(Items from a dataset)
———

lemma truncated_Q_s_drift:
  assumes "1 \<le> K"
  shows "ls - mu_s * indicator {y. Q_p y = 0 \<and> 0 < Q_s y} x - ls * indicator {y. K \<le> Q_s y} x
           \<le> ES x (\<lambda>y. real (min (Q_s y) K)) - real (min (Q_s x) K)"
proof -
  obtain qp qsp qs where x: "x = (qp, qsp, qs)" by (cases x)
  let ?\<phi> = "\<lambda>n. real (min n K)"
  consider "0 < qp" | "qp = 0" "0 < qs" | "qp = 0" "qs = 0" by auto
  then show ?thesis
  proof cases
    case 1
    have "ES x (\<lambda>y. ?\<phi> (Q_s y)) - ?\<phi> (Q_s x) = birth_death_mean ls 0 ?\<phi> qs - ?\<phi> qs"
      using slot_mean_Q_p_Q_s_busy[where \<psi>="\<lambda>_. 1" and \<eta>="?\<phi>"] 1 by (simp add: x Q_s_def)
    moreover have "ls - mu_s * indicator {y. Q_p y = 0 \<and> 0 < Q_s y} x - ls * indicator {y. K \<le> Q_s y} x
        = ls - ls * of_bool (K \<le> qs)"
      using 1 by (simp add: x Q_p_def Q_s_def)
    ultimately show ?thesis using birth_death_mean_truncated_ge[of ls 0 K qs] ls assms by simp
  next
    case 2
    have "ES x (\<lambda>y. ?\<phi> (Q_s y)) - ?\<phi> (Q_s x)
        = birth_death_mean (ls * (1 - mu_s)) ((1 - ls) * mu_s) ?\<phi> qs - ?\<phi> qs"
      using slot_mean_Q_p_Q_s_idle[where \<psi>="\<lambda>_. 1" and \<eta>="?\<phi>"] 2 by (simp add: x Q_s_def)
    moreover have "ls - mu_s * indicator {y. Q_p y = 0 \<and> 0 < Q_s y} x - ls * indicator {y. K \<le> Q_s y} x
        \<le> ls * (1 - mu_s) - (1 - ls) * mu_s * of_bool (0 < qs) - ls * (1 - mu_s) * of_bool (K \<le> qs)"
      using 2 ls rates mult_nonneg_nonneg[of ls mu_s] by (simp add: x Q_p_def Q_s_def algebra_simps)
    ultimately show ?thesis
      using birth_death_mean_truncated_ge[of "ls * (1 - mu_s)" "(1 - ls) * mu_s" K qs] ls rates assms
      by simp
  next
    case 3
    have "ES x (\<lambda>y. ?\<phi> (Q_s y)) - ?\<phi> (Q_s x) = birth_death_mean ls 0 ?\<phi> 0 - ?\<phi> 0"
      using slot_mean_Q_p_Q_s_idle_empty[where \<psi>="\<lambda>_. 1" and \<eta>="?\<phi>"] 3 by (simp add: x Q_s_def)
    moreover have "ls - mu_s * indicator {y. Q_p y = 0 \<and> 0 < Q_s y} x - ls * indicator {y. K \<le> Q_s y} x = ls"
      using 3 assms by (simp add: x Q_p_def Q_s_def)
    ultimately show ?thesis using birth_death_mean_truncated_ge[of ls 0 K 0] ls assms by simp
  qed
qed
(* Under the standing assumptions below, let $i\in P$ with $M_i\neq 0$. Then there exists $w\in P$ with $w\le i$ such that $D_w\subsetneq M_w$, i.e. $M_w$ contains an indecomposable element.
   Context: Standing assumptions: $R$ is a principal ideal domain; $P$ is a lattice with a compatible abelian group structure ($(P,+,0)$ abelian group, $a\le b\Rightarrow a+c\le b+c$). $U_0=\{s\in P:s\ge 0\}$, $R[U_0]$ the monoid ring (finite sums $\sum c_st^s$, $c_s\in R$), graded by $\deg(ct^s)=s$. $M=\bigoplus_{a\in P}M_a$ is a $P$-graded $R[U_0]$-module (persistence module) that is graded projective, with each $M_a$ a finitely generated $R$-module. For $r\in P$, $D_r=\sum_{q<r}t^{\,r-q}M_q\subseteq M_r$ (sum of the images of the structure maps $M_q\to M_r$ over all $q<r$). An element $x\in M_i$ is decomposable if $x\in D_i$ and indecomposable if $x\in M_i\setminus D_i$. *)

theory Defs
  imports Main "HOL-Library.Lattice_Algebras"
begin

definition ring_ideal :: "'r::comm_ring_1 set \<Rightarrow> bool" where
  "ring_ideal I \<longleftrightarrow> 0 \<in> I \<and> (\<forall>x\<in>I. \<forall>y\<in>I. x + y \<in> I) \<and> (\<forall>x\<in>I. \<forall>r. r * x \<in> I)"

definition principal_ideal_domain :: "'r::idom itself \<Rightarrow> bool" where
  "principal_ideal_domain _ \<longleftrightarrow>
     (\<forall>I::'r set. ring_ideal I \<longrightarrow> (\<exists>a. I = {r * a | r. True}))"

———

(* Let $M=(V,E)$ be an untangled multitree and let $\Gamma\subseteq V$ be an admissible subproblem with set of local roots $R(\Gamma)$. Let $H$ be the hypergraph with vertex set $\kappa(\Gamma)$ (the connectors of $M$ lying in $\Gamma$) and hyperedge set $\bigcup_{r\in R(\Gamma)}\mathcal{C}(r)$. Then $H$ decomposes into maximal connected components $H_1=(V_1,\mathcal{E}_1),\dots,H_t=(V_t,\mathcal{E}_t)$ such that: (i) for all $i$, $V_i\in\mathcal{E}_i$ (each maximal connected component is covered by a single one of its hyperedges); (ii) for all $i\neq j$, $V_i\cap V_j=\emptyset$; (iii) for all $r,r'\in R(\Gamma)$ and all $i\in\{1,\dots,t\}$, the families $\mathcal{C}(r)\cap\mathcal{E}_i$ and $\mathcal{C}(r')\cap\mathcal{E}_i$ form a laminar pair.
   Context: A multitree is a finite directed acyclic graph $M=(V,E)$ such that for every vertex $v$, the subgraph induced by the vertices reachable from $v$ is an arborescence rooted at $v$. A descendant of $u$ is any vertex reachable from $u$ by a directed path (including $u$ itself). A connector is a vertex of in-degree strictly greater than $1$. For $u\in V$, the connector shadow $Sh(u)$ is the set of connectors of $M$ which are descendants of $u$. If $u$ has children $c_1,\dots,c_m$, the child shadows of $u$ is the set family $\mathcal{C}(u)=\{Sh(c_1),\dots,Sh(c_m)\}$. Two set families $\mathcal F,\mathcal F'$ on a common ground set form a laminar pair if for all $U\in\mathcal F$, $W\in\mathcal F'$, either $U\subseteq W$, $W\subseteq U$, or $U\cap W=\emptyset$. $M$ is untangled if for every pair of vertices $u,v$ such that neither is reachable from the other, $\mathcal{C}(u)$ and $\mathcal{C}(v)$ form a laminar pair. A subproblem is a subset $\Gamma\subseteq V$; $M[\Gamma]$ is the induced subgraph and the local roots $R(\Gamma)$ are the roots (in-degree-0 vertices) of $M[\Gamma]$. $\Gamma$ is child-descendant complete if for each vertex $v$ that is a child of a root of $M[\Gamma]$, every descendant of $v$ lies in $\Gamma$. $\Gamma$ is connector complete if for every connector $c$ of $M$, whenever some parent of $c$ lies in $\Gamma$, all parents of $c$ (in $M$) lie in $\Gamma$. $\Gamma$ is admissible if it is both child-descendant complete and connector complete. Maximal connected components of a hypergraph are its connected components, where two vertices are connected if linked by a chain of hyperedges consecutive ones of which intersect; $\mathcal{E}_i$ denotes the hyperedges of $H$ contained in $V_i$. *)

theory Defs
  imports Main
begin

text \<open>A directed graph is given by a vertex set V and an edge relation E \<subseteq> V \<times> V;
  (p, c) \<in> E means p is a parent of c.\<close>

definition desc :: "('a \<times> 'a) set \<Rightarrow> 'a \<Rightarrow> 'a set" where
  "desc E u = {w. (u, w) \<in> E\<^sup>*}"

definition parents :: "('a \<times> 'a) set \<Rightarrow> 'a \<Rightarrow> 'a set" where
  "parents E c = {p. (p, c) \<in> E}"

———

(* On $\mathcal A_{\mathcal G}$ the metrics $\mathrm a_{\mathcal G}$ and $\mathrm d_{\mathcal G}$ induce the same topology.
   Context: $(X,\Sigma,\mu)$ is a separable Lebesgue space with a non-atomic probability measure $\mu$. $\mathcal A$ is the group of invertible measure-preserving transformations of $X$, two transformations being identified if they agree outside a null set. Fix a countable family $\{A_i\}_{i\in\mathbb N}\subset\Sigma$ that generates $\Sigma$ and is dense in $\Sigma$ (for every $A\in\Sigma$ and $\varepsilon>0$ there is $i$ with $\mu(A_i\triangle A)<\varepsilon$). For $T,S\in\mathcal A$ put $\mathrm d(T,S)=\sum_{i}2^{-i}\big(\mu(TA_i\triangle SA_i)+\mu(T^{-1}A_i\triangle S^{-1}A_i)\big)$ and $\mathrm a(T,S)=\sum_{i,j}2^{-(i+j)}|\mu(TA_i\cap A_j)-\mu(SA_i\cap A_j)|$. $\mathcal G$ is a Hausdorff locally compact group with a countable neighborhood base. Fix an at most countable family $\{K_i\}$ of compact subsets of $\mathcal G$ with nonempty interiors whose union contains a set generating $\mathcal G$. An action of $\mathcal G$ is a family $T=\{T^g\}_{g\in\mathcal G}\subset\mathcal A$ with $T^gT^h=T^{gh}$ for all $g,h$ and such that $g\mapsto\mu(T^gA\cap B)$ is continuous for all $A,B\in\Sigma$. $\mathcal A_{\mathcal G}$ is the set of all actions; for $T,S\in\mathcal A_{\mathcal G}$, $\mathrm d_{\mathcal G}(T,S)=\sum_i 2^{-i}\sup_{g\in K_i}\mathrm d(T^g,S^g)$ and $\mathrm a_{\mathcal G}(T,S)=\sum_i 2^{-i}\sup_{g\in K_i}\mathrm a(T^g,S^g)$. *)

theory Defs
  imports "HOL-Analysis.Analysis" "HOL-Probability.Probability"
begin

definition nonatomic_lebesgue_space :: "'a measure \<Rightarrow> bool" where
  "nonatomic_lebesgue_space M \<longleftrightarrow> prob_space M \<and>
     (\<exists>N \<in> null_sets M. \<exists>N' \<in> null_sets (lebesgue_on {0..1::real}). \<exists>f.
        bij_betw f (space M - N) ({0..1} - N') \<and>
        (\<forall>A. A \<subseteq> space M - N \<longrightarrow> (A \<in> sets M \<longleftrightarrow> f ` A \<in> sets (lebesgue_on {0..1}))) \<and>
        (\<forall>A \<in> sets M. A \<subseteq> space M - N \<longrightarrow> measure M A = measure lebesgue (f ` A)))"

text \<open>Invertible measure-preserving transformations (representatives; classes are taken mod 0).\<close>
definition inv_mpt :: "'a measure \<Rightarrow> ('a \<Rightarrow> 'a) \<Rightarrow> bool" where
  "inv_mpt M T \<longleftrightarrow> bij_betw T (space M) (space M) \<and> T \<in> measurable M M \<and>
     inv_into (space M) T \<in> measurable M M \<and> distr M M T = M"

———

Problem to solve: The answer must be every line of the records above that holds the word "longrightarrow".

Answer to the exercise:
     (\<forall>I::'r set. ring_ideal I \<longrightarrow> (\<exists>a. I = {r * a | r. True}))"
        (\<forall>A. A \<subseteq> space M - N \<longrightarrow> (A \<in> sets M \<longleftrightarrow> f ` A \<in> sets (lebesgue_on {0..1}))) \<and>
        (\<forall>A \<in> sets M. A \<subseteq> space M - N \<longrightarrow> measure M A = measure lebesgue (f ` A)))"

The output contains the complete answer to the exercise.